# Canon EOS 1000D



## richfearless (Oct 4, 2012)

Hey guys,

My dad bought a EOS 1000D camera a few years ago. He used to have a large range of Canon lenses, bodies, etc and used to thrall in using his camera's capturing our childhood days.
Canon EOS 1000D - EOS Digital SLR Cameras - Canon UK

Last week i bought my dad a 70-200mm telephoto lens which I have yet to give him. But I was hoping to fill the camera bag with some shooting resources for people who are not so adept at shooting with digital camera's.

I think he learns the best at watching someone doing it. So if you can recommend video tutorials that would be helpful.
Or if you can tell me what I should be looking for in video tutorials that would also be helpful. I believe not all the EOS range are similar and don't want to teach him about features he doesn't have at his disposal 

Many thanks,

Richard


----------



## Big Mike (Oct 4, 2012)

Welcome to the forum.

Actually, a lot of the bells & whistles on these camera are just extras.  The camera still uses three main elements to control exposure; shutter speed, ISO & Aperture.  So if he knew how to control these things back in the film days, it's pretty much the same now...it's just a matter of figuring out how to control them on the camera...and that's all in the manual.

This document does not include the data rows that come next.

(* Insert $2^k$ values one at a time into an initially empty black-white array (BWA). The chronological order in which the nodes of the BWA merge tree are realized is exactly the post-order traversal of that tree. Here a leaf is realized when its value is inserted, and an internal node is realized when the merge it represents is performed.
   Context: A black-white array (BWA) of size $N=2^K$ stores values from a totally ordered set. It has a white array $W[1..N-1]$ and a black array $B[1..N/2-1]$. For $i\ge0$, the segment of rank $i$ of either array is the index block $[2^i,2^{i+1}-1]$. A state variable $\mathtt{total}$ counts stored values and is initially $0$. The rank-$i$ segment is active iff bit $i$ of $\mathtt{total}$ is $1$. Insert$(v)$: if rank 0 is inactive, set $W[1]=v$; otherwise set $B[1]=v$ and perform $\mathrm{merge}(0)$. $\mathrm{merge}(i)$: merge the sorted white and black segments of rank $i$. The result goes into the white rank-$(i+1)$ segment if that segment is inactive. Otherwise it goes into the black rank-$(i+1)$ segment, followed by $\mathrm{merge}(i+1)$. When an insertion completes, $\mathtt{total}$ has increased by one. The BWA merge tree for $2^k$ insertions is the complete binary tree with $2^k$ leaves. Its leaves are the inserted values, from left to right in insertion order, and represent rank-0 segments. Each internal node at height $j$ represents the rank-$j$ segment produced by merging the two segments represented by its children. Post-order traversal visits the left subtree, then the right subtree, then the node. *)

theory Defs
  imports Main
begin

text \<open>A segment stores pairs (value, insertion index); the index only serves
to identify which inserted values a segment contains (i.e. which tree node it is).\<close>

type_synonym 'a seg = "('a \<times> nat) list"

record 'a bwa =
  W :: "nat \<Rightarrow> 'a seg"
  Bl :: "nat \<Rightarrow> 'a seg"
  total :: nat
  rlog :: "nat set list"      \<comment> \<open>realization log: leaf-index set of each realized node\<close>

fun smerge :: "('a::linorder \<times> nat) list \<Rightarrow> ('a \<times> nat) list \<Rightarrow> ('a \<times> nat) list" where
  "smerge [] ys = ys"
| "smerge xs [] = xs"
| "smerge (x # xs) (y # ys) =
     (if fst x \<le> fst y then x # smerge xs (y # ys) else y # smerge (x # xs) ys)"

function merge_seg :: "nat \<Rightarrow> ('a::linorder) bwa \<Rightarrow> 'a bwa" where
  "merge_seg i s =
     (let r = smerge (W s i) (Bl s i);
          s' = s\<lparr>rlog := rlog s @ [set (map snd r)]\<rparr>
      in if \<not> bit (total s) (Suc i) then s'\<lparr>W := (W s)(Suc i := r)\<rparr>
         else merge_seg (Suc i) (s'\<lparr>Bl := (Bl s)(Suc i := r)\<rparr>))"
  by pat_completeness auto
termination
proof (relation "measure (\<lambda>(i, s). total s - i)")
  fix i :: nat and s :: "'a bwa" and r s'
  assume "\<not> \<not> bit (total s) (Suc i)"
  then have "2 ^ Suc i \<le> total s"
    by (metis bit_iff_odd div_less even_zero not_le)
  moreover have "Suc i < 2 ^ Suc i" by (rule less_exp)
  ultimately show "((Suc i, s'\<lparr>Bl := (Bl s)(Suc i := r)\<rparr>), (i, s))
       \<in> measure (\<lambda>(i, s). total s - i)" if "s' = s\<lparr>rlog := rlog s @ [set (map snd r)]\<rparr>"
    using that by simp
qed simp

definition bwa_insert :: "'a::linorder \<Rightarrow> 'a bwa \<Rightarrow> 'a bwa" where
  "bwa_insert v s =
     (let j = total s;
          s1 = s\<lparr>rlog := rlog s @ [{j}]\<rparr>;
          s2 = (if \<not> bit j 0 then s1\<lparr>W := (W s1)(0 := [(v, j)])\<rparr>
                else merge_seg 0 (s1\<lparr>Bl := (Bl s1)(0 := [(v, j)])\<rparr>))
      in s2\<lparr>total := Suc j\<rparr>)"

definition bwa_init :: "'a bwa" where
  "bwa_init = \<lparr>W = (\<lambda>_. []), Bl = (\<lambda>_. []), total = 0, rlog = []\<rparr>"

definition bwa_run :: "'a::linorder list \<Rightarrow> 'a bwa" where
  "bwa_run vs = fold bwa_insert vs bwa_init"

text \<open>BWA merge tree: leaves are insertion indices 0..2^k-1 left to right.\<close>
datatype mtree = MLeaf nat | MNode mtree mtree

fun mk_tree :: "nat \<Rightarrow> nat \<Rightarrow> mtree" where
  "mk_tree 0 m = MLeaf m"
| "mk_tree (Suc j) m = MNode (mk_tree j (2 * m)) (mk_tree j (2 * m + 1))"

I've been hearing good things about this book (set) Scott Kelby&#39;s Digital Photography Boxed Set, Volumes 1, 2, and 3: Amazon.ca: Scott Kelby: Books


----------



## Overread (Oct 4, 2012)

Kelby's books are a great introduction to photography, esp for anyone with very limited to no actual experience of photography - or those who are just getting started moving out of the auto/green box mode. If your father has mostly never moved out of the green box the Kelby books should be an ideal option to start with - if he's a bit more experienced I would think they could be a bit below him (I've only read the first and if he knows a bit of what he's doing he'll fast outgrow or already have outgrown teh first book).

Youtube can be a bit hit or miss with tutorials - I generally find its good for getting some specific tips on setups or effects and a little less good with generalist advice (I tend to find that generalist advice is a bit too simplistic and general to actually contain any meat on the videos to really build with - that stuff you tend to get a bit more in books or produced video guides (most of which cost)).

If he's got a specific subject area of interest that can help a lot with finding some interesting tutorials and give you something to search with.


----------



## jaomul (Oct 4, 2012)

Understanding exposure by Bryan Peterson is also worth a look. Its detailed yet simply put. The 70-200 lens will be great on the 1000d. Nice present


----------



## MLeeK (Oct 4, 2012)

I'd buy him a couple of months of Kelby On-line! Worth it's price twice over!


----------